# TASK TO CARRY OUT
For the data below, give again exactly the lines from the one containing "T \<inter> ?K" through the one containing "using frontier_convex_hull_tree_points_in_hull_edge[OF tree(1)", both ends included, and no others.

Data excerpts
---*---

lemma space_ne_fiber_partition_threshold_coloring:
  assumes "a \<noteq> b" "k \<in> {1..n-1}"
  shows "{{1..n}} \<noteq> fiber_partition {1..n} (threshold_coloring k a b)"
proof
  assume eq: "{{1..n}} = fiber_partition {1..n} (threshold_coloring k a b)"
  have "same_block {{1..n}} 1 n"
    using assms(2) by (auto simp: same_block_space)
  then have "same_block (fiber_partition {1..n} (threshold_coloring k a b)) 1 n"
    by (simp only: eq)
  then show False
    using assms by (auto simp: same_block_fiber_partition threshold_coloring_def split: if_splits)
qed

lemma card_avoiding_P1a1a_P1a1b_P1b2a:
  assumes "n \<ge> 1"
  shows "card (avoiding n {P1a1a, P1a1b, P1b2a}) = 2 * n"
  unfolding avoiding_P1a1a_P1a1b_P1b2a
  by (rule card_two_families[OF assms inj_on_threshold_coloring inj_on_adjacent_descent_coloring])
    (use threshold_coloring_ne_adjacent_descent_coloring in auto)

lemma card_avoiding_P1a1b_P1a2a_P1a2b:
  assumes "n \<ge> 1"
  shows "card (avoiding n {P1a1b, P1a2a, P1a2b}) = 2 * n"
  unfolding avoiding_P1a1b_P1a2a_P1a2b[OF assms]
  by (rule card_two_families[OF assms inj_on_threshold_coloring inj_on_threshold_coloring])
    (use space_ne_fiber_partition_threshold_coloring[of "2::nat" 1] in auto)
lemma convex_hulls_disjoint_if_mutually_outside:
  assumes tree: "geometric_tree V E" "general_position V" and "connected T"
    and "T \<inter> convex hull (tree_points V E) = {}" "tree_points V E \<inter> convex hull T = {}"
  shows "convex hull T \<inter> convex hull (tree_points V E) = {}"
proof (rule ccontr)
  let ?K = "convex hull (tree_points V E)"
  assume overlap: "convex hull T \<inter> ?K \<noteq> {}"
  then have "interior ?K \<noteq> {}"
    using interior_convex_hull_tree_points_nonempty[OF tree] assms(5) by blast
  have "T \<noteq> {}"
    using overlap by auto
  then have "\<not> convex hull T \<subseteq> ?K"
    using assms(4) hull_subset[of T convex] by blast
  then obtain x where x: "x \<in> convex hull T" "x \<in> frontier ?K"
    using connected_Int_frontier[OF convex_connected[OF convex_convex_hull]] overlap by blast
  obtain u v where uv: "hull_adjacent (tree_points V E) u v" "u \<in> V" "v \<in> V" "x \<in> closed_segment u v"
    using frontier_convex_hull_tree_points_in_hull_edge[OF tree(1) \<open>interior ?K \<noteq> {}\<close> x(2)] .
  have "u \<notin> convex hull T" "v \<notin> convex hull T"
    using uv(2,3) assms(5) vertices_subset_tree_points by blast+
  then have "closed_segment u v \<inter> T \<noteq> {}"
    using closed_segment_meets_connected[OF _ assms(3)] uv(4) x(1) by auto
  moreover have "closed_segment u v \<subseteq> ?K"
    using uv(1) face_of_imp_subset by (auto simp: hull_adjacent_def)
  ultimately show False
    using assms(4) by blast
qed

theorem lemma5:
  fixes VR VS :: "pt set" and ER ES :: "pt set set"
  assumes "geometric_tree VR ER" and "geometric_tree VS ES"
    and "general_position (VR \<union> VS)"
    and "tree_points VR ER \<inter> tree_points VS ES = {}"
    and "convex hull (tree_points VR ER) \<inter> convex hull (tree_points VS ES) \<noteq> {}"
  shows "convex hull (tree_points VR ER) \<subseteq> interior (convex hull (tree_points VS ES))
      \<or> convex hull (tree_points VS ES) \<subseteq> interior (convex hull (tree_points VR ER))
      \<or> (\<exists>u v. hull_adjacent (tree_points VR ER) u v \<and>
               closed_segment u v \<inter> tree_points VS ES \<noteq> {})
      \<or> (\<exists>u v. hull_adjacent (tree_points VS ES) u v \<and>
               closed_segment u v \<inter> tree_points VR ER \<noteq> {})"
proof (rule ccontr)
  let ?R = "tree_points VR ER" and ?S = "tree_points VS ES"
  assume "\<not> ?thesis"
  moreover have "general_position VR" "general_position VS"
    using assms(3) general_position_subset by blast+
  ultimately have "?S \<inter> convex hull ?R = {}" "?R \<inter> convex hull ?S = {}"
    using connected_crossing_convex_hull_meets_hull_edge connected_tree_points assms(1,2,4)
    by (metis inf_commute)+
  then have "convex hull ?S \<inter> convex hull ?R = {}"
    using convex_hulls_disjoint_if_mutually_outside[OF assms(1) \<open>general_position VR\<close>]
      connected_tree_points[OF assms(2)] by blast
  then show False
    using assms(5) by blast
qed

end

---*---

# ANSWER BOX
  assume overlap: "convex hull T \<inter> ?K \<noteq> {}"
  then have "interior ?K \<noteq> {}"
    using interior_convex_hull_tree_points_nonempty[OF tree] assms(5) by blast
  have "T \<noteq> {}"
    using overlap by auto
  then have "\<not> convex hull T \<subseteq> ?K"
    using assms(4) hull_subset[of T convex] by blast
  then obtain x where x: "x \<in> convex hull T" "x \<in> frontier ?K"
    using connected_Int_frontier[OF convex_connected[OF convex_convex_hull]] overlap by blast
  obtain u v where uv: "hull_adjacent (tree_points V E) u v" "u \<in> V" "v \<in> V" "x \<in> closed_segment u v"
    using frontier_convex_hull_tree_points_in_hull_edge[OF tree(1) \<open>interior ?K \<noteq> {}\<close> x(2)] .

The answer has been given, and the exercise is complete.